The employee’s defence was that the cool drink had been paid for by the guest, but left it behind.  The employer was appealing the Industrial Court’s finding that the decision to dismissal the employee “was clearly unreasonable and unfair inasmuch as it was too harsh, bearing in mind the nature and small value of the property stolen” amongst other things”.

The Labour Appeal Court came to a different conclusion, holding that the dismissal of the employee was indeed fair.  More especially, the Labour Appeal Court held that “in regards the intrinsic substantive fairness or unfairness of the dismissal, much was made on respondent’s behalf, both in the industrial court and in this court, of the small value of the Fanta soft drink, viz 65 cents. There is no doubt that the value of an article which is stolen may, and often does, play a significant role when the question of an appropriate penalty is considered. However, this role is not always, or necessarily, such that low value is always a conclusive indication that only a lenient penalty is called for” adding that “it seems to me that the relationship between an employer and such an employee is of such a nature that, for it to be healthy, the employer must, of  necessity, be confident that he can trust the employee not to steal his stock in trade.  If that confidence is destroyed or substantially diminished by the realisation that the employee is a thief, the continuation of their relationship can be expected to become intolerable, at least for the employer.  Thenceforth he will, as it were, have to be continually looking over his shoulder to see whether his employee is being honest”.

This case was heard prior to the post-1994 amendments to our labour law regime.  Whilst this authority has less standing vis a vis subsequent case law, it remains of relevance.  An unsuccessful attempt to steal has been shown to reveal a ‘thieving propensity’.

In the more recent CCMA arbitration hearing in FAWU obo Ngxokolo, Zoliwe Mapu v Summerstrand Hotel (Case number ECPE6770-17), the employee was found guilty of “taking a banana and a box (of) juice from the storeroom”.

Staff were entitled to one meal each per shift, and juice which was in a container in the kitchen.  In addition, they were entitled to unlimited access to tea and coffee.  On the day in question, the employee had her meal, and thereafter, was observed on a video camera, “getting into the storeroom where she took a banana and a box of juice and ate them”.
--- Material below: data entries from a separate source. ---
lemma card_sphere_1: "x \<in> V \<Longrightarrow> card (sphere V E 1 x) = b 0"
  using sphere_1 card_neighbours by simp

lemma card_a:
  assumes x: "x \<in> V" and y: "y \<in> V"
  shows "real (card {z \<in> V. E y z \<and> gd x z = gd x y}) = a (gd x y)"
proof -
  let ?A = "{z \<in> V. E y z \<and> gd x z + 1 = gd x y}"
  let ?B = "{z \<in> V. E y z \<and> gd x z = gd x y}"
  let ?C = "{z \<in> V. E y z \<and> gd x z = gd x y + 1}"
  have "{z \<in> V. E y z} = ?A \<union> ?B \<union> ?C"
  proof safe
    fix z assume "z \<in> V" "E y z" "gd x z \<noteq> gd x y" "gd x z \<noteq> gd x y + 1"
    then show "gd x z + 1 = gd x y" using gdist_adj[OF x y \<open>z \<in> V\<close> \<open>E y z\<close>] by simp
  qed
  moreover have "card (?A \<union> ?B \<union> ?C) = card ?A + card ?B + card ?C"
    using finite_V by (subst card_Un_disjoint, auto)+
  ultimately show ?thesis
    using card_neighbours[OF y] card_b[OF x y] card_c[OF x y] by (simp add: a_def)
qed

lemma card_neighbours_gdist:
  assumes x: "x \<in> V" and y: "y \<in> V"
  shows "real (card {z \<in> V. E x z \<and> gd z y = i}) =
      (if i + 1 = gd x y then real (c (gd x y)) else 0)
    + (if i = gd x y then a (gd x y) else 0)
    + (if i = gd x y + 1 then real (b (gd x y)) else 0)"
proof -
  let ?h = "gd x y"
  have h: "gd y x = ?h" using gdist_sym x y by simp
  have "{z \<in> V. E x z \<and> gd z y = i} = {z \<in> V. E x z \<and> gd y z = i}"
    using gdist_sym y by auto
  moreover consider "i + 1 = ?h" | "i = ?h" | "i = ?h + 1" | "i + 1 \<noteq> ?h" "i \<noteq> ?h" "i \<noteq> ?h + 1"
    by blast
  then have "real (card {z \<in> V. E x z \<and> gd y z = i}) =
      (if i + 1 = ?h then real (c ?h) else 0) + (if i = ?h then a ?h else 0)
    + (if i = ?h + 1 then real (b ?h) else 0)"
  proof cases
    case 1
    then have "{z \<in> V. E x z \<and> gd y z = i} = {z \<in> V. E x z \<and> gd y z + 1 = gd y x}"
      using h by auto
    then show ?thesis using card_c[OF y x] h 1 by simp
  next
    case 2
    then show ?thesis using card_a[OF y x] h by simp
  next
    case 3
    then show ?thesis using card_b[OF y x] h by simp
  next
    case 4
    have "gd y z \<noteq> i" if "z \<in> V" "E x z" for z
      using gdist_adj[OF y x that] h 4 by auto
    then have "{z \<in> V. E x z \<and> gd y z = i} = {}" by blast
    then show ?thesis using 4 by (simp only: card.empty of_nat_0 if_False add_0)
  qed
  ultimately show ?thesis by simp
qed

lemma sum_sphere_three_term:
  assumes x: "x \<in> V"
  shows "(\<Sum>z\<in>sphere V E 1 x. \<Sum>y\<in>sphere V E (Suc i) z. w y) =
      real (c (Suc (Suc i))) * (\<Sum>y\<in>sphere V E (Suc (Suc i)) x. w y)
    + a (Suc i) * (\<Sum>y\<in>sphere V E (Suc i) x. w y)
    + real (b i) * (\<Sum>y\<in>sphere V E i x. w y)"
proof -
  have "(\<Sum>z\<in>sphere V E 1 x. \<Sum>y\<in>sphere V E (Suc i) z. w y)
      = (\<Sum>y\<in>V. (if gd x y = Suc (Suc i) then real (c (Suc (Suc i))) * w y else 0)
          + (if gd x y = Suc i then a (Suc i) * w y else 0)
          + (if gd x y = i then real (b i) * w y else 0))"
    unfolding sum_neighbours_sum_sphere[OF x]
  proof (rule sum.cong[OF refl])
    fix y assume "y \<in> V"
    show "real (card {z \<in> V. E x z \<and> gd z y = Suc i}) * w y =
        (if gd x y = Suc (Suc i) then real (c (Suc (Suc i))) * w y else 0)
      + (if gd x y = Suc i then a (Suc i) * w y else 0)
      + (if gd x y = i then real (b i) * w y else 0)"
      unfolding card_neighbours_gdist[OF x \<open>y \<in> V\<close>] by (auto simp: algebra_simps)
  qed
  then show ?thesis
    by (simp only: sum_sphere_eq_sum_if sum.distrib sum_distrib_left
        if_distrib[of "(*) _"] mult_zero_right)
qed

lemma c_pos:
  assumes "1 \<le> h" "h \<le> diameter V E"
  shows "0 < c h"
proof -
  obtain x y where xy: "x \<in> V" "y \<in> V" "gd x y = h" using exists_gdist_eq assms by blast
  obtain n where h: "h = Suc n" using assms by (cases h) auto
  obtain z where "z \<in> V" "E z y" "gd x z = n" using gdist_Suc_imp_pred xy h by blast
  then have "z \<in> {z \<in> V. E y z \<and> gd x z + 1 = gd x y}" using xy h E_sym by auto
  then have "0 < card {z \<in> V. E y z \<and> gd x z + 1 = gd x y}"
    using finite_V by (subst card_gt_0_iff) auto
  then show ?thesis using card_c[OF xy(1,2)] xy(3) by simp
qed

lemma b_pos:
  assumes "h < diameter V E"
  shows "0 < b h"
proof -
  obtain x y where xy: "x \<in> V" "y \<in> V" "gd x y = Suc h"
    using exists_gdist_eq assms by (metis Suc_leI)
  obtain z where z: "z \<in> V" "E z y" "gd x z = h" using gdist_Suc_imp_pred xy by blast
  then have "y \<in> {u \<in> V. E z u \<and> gd x u = gd x z + 1}" using xy by auto
  then have "0 < card {u \<in> V. E z u \<and> gd x u = gd x z + 1}"
    using finite_V by (subst card_gt_0_iff) auto
  then show ?thesis using card_b[OF xy(1) z(1)] z(3) by simp
qed

text \<open>\<open>dist_poly \<theta> i = v\<^sub>i(\<theta>)\<close> for the polynomials \<open>v\<^sub>i\<close> with \<open>A\<^sub>i = v\<^sub>i(A)\<close>.\<close>

fun dist_poly :: "real \<Rightarrow> nat \<Rightarrow> real" where
  "dist_poly \<theta> 0 = 1"
| "dist_poly \<theta> (Suc 0) = \<theta>"
| "dist_poly \<theta> (Suc (Suc i)) =
     ((\<theta> - a (Suc i)) * dist_poly \<theta> (Suc i) - real (b i) * dist_poly \<theta> i) / real (c (Suc (Suc i)))"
The employer submitted that it spent approximately half a million Rand per annum on food for staff, and five other employees had been dismissed from the kitchen for similar offences in the kitchen.

The employee admitted having taken the banana and juice after having been shown the video footage.  She had recently been promoted, and had taken the food in front of a more junior employee.  To make matters worse, she showed no remorse.  In  her defence, the employee submitted that she was dizzy before she took the banana and juice, as she had a chronic condition, continuing that she “took” the items, but did not “steal” them.
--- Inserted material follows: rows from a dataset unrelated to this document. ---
lemma card_max_beyond_column_by_transpose:
  assumes "finite D" "0 < n"
  shows "card (entry_beyond_column c D (Suc n) (Suc n))
       = card (entry_beyond_column c D (Suc n) n) + card (max_adjacency_tableaux c D (Suc n))"
proof -
  define B where "B = entry_beyond_column c D (Suc n) (Suc n)"
  define B' where "B' = entry_beyond_column c D (Suc n) n"
  define J where "J = max_adjacency_tableaux c D (Suc n)"
  have finite: "finite B" "finite B'"
    using finite_standard_tableaux[OF assms(1)]
    by (auto simp: B_def B'_def entry_beyond_column_def intro: rev_finite_subset)
  have "J \<subseteq> B - B'"
  proof
    fix T assume "T \<in> J"
    then obtain u where tableau: "standard_tableau D (Suc n) T" and u: "u \<in> D" "T u = n" "snd u = c"
      and right: "(fst u, snd u + 1) \<in> D" "T (fst u, snd u + 1) = Suc n"
      by (auto simp: J_def max_adjacency_tableaux_def column_adjacencies_def horiz_adj_def)
    have "T \<in> B"
      unfolding B_def entry_beyond_column_def using tableau right u(3)
      by (intro CollectI conjI bexI[of _ "(fst u, snd u + 1)"]) auto
    moreover have "T \<notin> B'"
    proof
      assume "T \<in> B'"
      then obtain v where "v \<in> D" "T v = n" "c + 1 \<le> snd v"
        by (auto simp: B'_def entry_beyond_column_def)
      then show False
        using standard_tableau_inj[OF tableau, of v u] u by simp
    qed
    ultimately show "T \<in> B - B'"
      by simp
  qed
  have "bij_betw (\<lambda>T. transpose n (Suc n) \<circ> T) (B - B' - J) (B' - B)"
  proof (rule bij_betw_byWitness[where f' = "\<lambda>T. transpose n (Suc n) \<circ> T"])
    show "\<forall>T\<in>B - B' - J. transpose n (Suc n) \<circ> (transpose n (Suc n) \<circ> T) = T"
      "\<forall>T\<in>B' - B. transpose n (Suc n) \<circ> (transpose n (Suc n) \<circ> T) = T"
      by (simp_all add: fun_eq_iff)
    show "(\<lambda>T. transpose n (Suc n) \<circ> T) ` (B - B' - J) \<subseteq> B' - B"
      using transpose_max_out_of_late_columns[OF _ assms(2)] unfolding B_def B'_def J_def by blast
    show "(\<lambda>T. transpose n (Suc n) \<circ> T) ` (B' - B) \<subseteq> B - B' - J"
      using transpose_max_into_late_columns[OF _ assms(2)] unfolding B_def B'_def J_def by blast
  qed
  then have "card (B - B' - J) = card (B' - B)"
    by (rule bij_betw_same_card)
  moreover have "card (B - B') = card (B - B' - J) + card J"
    using \<open>J \<subseteq> B - B'\<close> finite by (metis card_Diff_subset card_mono finite_Diff finite_subset le_add_diff_inverse2)
  moreover have "card B = card (B \<inter> B') + card (B - B')" "card B' = card (B' \<inter> B) + card (B' - B)"
    using finite by (metis card_Int_Diff)+
  ultimately show ?thesis
    unfolding B_def [symmetric] B'_def [symmetric] J_def [symmetric] by (simp add: Int_commute)
qed
(* Let $b,c\mid n$. For $\underline m\in\mathbb Z^{(b,c)}$ and $w\in\mathbb Z$, the chain map $[\underline m,w]:S^{\lambda_b}\to S^{\lambda_c}$ is chain homotopic to zero if and only if $\sum_im_i+(b,c)w=0$. Consequently, the rule sending the class of $[\underline m,w]$ to $\sum_im_i+(b,c)w$ is a well-defined isomorphism $[S^{\lambda_b},S^{\lambda_c}]\to\mathbb Z$.
   Context: $n$ is a fixed odd positive integer, $C_n$ cyclic of order $n$ with generator $t$; for $d\mid n$, $\Theta_d=C_n/\langle t^d\rangle$, $p$ denotes canonical projections $\Theta_d\to\Theta_e$ ($e\mid d$), $\pi_d:\Theta_d\to\Theta_1$ the projection to a point, and $t$ the action of the generator. $\underline{\mathbb Z}$ is the constant Mackey functor for $C_n$ with value $\mathbb Z$, $\underline{\mathbb Z}$-modules are modules over it, with restriction $f^*$ and transfer $f_*$. $F_d$ is the free $\underline{\mathbb Z}$-module on $g_d\in F_d(\Theta_d)$ ($F_1=\underline{\mathbb Z}$); for $f:\Theta_d\to\Theta_e$, $Rf:F_d\to F_e$ sends $g_d\mapsto f^*(g_e)$ and $If:F_e\to F_d$ sends $g_e\mapsto f_*(g_d)$. For $b\mid n$, $S^{\lambda_b}$ is the chain complex $F_b\xrightarrow{\mathrm{id}-Rt}F_b\xrightarrow{R\pi_b}\underline{\mathbb Z}$ in homological degrees $2,1,0$; $[X,Y]$ denotes morphisms in the derived category of $\underline{\mathbb Z}$-modules (for these bounded free complexes, chain homotopy classes of chain maps). Let $(b,c)$, $[b,c]$ be gcd and lcm. For $\underline m=(m_0,\dots,m_{(b,c)-1})\in\mathbb Z^{(b,c)}$, $\langle\underline m\rangle:F_b\to F_c$ is the map $g_b\mapsto\sum_im_i(t_* )^ip_*p^*(g_c)$, where $p^*$ is restriction along $\Theta_{[b,c]}\to\Theta_c$ and $p_*$ transfer along $\Theta_{[b,c]}\to\Theta_b$ (every map $F_b\to F_c$ is uniquely of this form). $I\pi R\pi:F_b\to F_c$ is $I\pi_c\circ R\pi_b$. For $w\in\mathbb Z$, $[\underline m,w]:S^{\lambda_b}\to S^{\lambda_c}$ is the chain map equal to $\langle\underline m\rangle+w\,I\pi R\pi$ in degree 2, $\langle\underline m\rangle$ in degree 1, and multiplication by $\frac{c}{(b,c)}\sum_im_i$ in degree 0; every chain map $S^{\lambda_b}\to S^{\lambda_c}$ has this form. *)

theory Defs
  imports Main
begin

text \<open>
By Yoshida's theorem, the full subcategory of free
Z-modules (cohomological Mackey functors for C_n) on the orbits Theta_d is the
category of permutation modules Z[Theta_d].  We identify Theta_d with
{0..<d}, the generator t acting by x |-> (x+1) mod d.  An element of
F_c(Theta_d) is a C_n-equivariant integer matrix Theta_c x Theta_d (rows
indexed by Theta_c, columns by Theta_d), and a morphism F_d -> F_e is
identified with the image of g_d, i.e. an element of F_e(Theta_d).
Composition of morphisms is matrix multiplication.
\<close>

type_synonym imat = "nat \<Rightarrow> nat \<Rightarrow> int"

definition hom :: "nat \<Rightarrow> nat \<Rightarrow> imat \<Rightarrow> bool" where
  "hom e d M \<longleftrightarrow>
     (\<forall>y x. (e \<le> y \<or> d \<le> x) \<longrightarrow> M y x = 0) \<and>
     (\<forall>y<e. \<forall>x<d. M ((y + 1) mod e) ((x + 1) mod d) = M y x)"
The Commissioner held that the employee was in constant denial of the charge of unauthorised possession of company property “even though she admitted to taking the banana and juice without authorisation and eating them.  Denials cannot come in a worse form than that”.  The arbitration award continued that “her denials and hiding behind improbabilities were a demonstration of a lack of remorse on the part of the (employee)”.

The dismissal of the employee was held to have been fair.